(* Let $R$ be a commutative ring and $M$ a non-zero $R$-module. (1) If $M=\sum_{i=1}^n K_i$ is a minimal second representation of $M$ such that the ideals $Ann(K_1),\dots,Ann(K_n)$ are pairwise incomparable (i.e. $att^s(M)=Min(att^s(M))$) and $K_i\cap\sum_{j\neq i}K_j$ is a PS-hollow submodule of $M$ for all $i\in\{1,\dots,n\}$, then $M=\bigoplus_{i=1}^n K_i$ if and only if $K_i\cap K_j=0$ for all $i\neq j$. (2) Let $M$ be distributive and $M=\sum_{i=1}^n K_i$ a minimal PS-hollow representation, with $K_i$ $H_i$-PS-hollow, such that every submodule of $K_i$ is zero or strongly irreducible or $H_i$-PS-hollow. Then $M=\bigoplus_{i=1}^n K_i$.
   Context: A submodule $N\neq 0$ is second iff for every ideal $I\leq R$, $IN=N$ or $IN=0$. A minimal second representation of $M$ is $M=\sum_{i=1}^n K_i$ with each $K_i$ second, the ideals $Ann(K_i)$ pairwise distinct, and no $K_j$ contained in $\sum_{i\neq j}K_i$; $att^s(M)=\{Ann(K_i)\}$. An $R$-submodule $N\leq M$ is PS-hollow iff for every ideal $I$ and submodule $L$: $N\subseteq IM+L$ implies $N\subseteq IM$ or $N\subseteq L$. For PS-hollow $N$: $A_N=\{I: N\subseteq IM\}$, $H_N$ its minimal elements, $In(N)=\bigcap_{I\in H_N}IM$ ($=M$ if $H_N=\emptyset$); $N$ is $H$-PS-hollow iff PS-hollow with $H_N=H$. A minimal PS-hollow representation is $M=\sum_{i=1}^n K_i$ with each $K_i$ $H_i$-PS-hollow, $In(K_1),\dots,In(K_n)$ pairwise incomparable, and $K_j\not\subseteq\sum_{i\neq j}K_i$ for all $j$. A proper submodule $N\lneq M$ is strongly irreducible iff for all submodules $A,B\leq M$, $A\cap B\subseteq N$ implies $A\subseteq N$ or $B\subseteq N$. $M$ is distributive iff its lattice of submodules is distributive. *)

theory Defs
  imports "HOL-Algebra.Module" "HOL-Algebra.Ideal"
begin

definition gen_sm :: "('a, 'c) ring_scheme \<Rightarrow> ('a, 'b, 'd) module_scheme \<Rightarrow> 'b set \<Rightarrow> 'b set" where
  "gen_sm R M X = \<Inter>{L. submodule L R M \<and> X \<subseteq> L}"

definition sm_sum :: "('a, 'b, 'd) module_scheme \<Rightarrow> 'b set \<Rightarrow> 'b set \<Rightarrow> 'b set" where
  "sm_sum M A B = {a \<oplus>\<^bsub>M\<^esub> b | a b. a \<in> A \<and> b \<in> B}"

text \<open>Sum of a family of submodules indexed by S (the zero submodule if S is empty).\<close>
definition sm_Sum :: "('a, 'c) ring_scheme \<Rightarrow> ('a, 'b, 'd) module_scheme \<Rightarrow> 'i set \<Rightarrow> ('i \<Rightarrow> 'b set) \<Rightarrow> 'b set" where
  "sm_Sum R M S K = gen_sm R M (\<Union>i\<in>S. K i)"

definition ideal_sm :: "('a, 'c) ring_scheme \<Rightarrow> ('a, 'b, 'd) module_scheme \<Rightarrow> 'a set \<Rightarrow> 'b set \<Rightarrow> 'b set" where
  "ideal_sm R M I N = gen_sm R M {a \<odot>\<^bsub>M\<^esub> x | a x. a \<in> I \<and> x \<in> N}"

definition Ann :: "('a, 'c) ring_scheme \<Rightarrow> ('a, 'b, 'd) module_scheme \<Rightarrow> 'b set \<Rightarrow> 'a set" where
  "Ann R M N = {a \<in> carrier R. \<forall>x\<in>N. a \<odot>\<^bsub>M\<^esub> x = \<zero>\<^bsub>M\<^esub>}"

definition second_sm :: "('a, 'c) ring_scheme \<Rightarrow> ('a, 'b, 'd) module_scheme \<Rightarrow> 'b set \<Rightarrow> bool" where
  "second_sm R M N \<longleftrightarrow> submodule N R M \<and> N \<noteq> {\<zero>\<^bsub>M\<^esub>} \<and>
     (\<forall>I. ideal I R \<longrightarrow> ideal_sm R M I N = N \<or> ideal_sm R M I N = {\<zero>\<^bsub>M\<^esub>})"

definition min_second_rep :: "('a, 'c) ring_scheme \<Rightarrow> ('a, 'b, 'd) module_scheme \<Rightarrow> nat \<Rightarrow> (nat \<Rightarrow> 'b set) \<Rightarrow> bool" where
  "min_second_rep R M n K \<longleftrightarrow>
     sm_Sum R M {1..n} K = carrier M \<and>
     (\<forall>i\<in>{1..n}. second_sm R M (K i)) \<and>
     (\<forall>i\<in>{1..n}. \<forall>j\<in>{1..n}. i \<noteq> j \<longrightarrow> Ann R M (K i) \<noteq> Ann R M (K j)) \<and>
     (\<forall>j\<in>{1..n}. \<not> K j \<subseteq> sm_Sum R M ({1..n} - {j}) K)"

definition PS_hollow :: "('a, 'c) ring_scheme \<Rightarrow> ('a, 'b, 'd) module_scheme \<Rightarrow> 'b set \<Rightarrow> bool" where
  "PS_hollow R M N \<longleftrightarrow> submodule N R M \<and>
     (\<forall>I L. ideal I R \<longrightarrow> submodule L R M \<longrightarrow>
        N \<subseteq> sm_sum M (ideal_sm R M I (carrier M)) L \<longrightarrow>
        N \<subseteq> ideal_sm R M I (carrier M) \<or> N \<subseteq> L)"

definition A_set :: "('a, 'c) ring_scheme \<Rightarrow> ('a, 'b, 'd) module_scheme \<Rightarrow> 'b set \<Rightarrow> 'a set set" where
  "A_set R M N = {I. ideal I R \<and> N \<subseteq> ideal_sm R M I (carrier M)}"

definition H_set :: "('a, 'c) ring_scheme \<Rightarrow> ('a, 'b, 'd) module_scheme \<Rightarrow> 'b set \<Rightarrow> 'a set set" where
  "H_set R M N = {I \<in> A_set R M N. \<forall>J\<in>A_set R M N. J \<subseteq> I \<longrightarrow> J = I}"

definition In_sm :: "('a, 'c) ring_scheme \<Rightarrow> ('a, 'b, 'd) module_scheme \<Rightarrow> 'b set \<Rightarrow> 'b set" where
  "In_sm R M N = carrier M \<inter> (\<Inter>I\<in>H_set R M N. ideal_sm R M I (carrier M))"

definition H_PS_hollow :: "('a, 'c) ring_scheme \<Rightarrow> ('a, 'b, 'd) module_scheme \<Rightarrow> 'a set set \<Rightarrow> 'b set \<Rightarrow> bool" where
  "H_PS_hollow R M H N \<longleftrightarrow> PS_hollow R M N \<and> H_set R M N = H"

···

Your answer should be each line from the entries that includes the string "noteq".

  "second_sm R M N \<longleftrightarrow> submodule N R M \<and> N \<noteq> {\<zero>\<^bsub>M\<^esub>} \<and>
     (\<forall>i\<in>{1..n}. \<forall>j\<in>{1..n}. i \<noteq> j \<longrightarrow> Ann R M (K i) \<noteq> Ann R M (K j)) \<and>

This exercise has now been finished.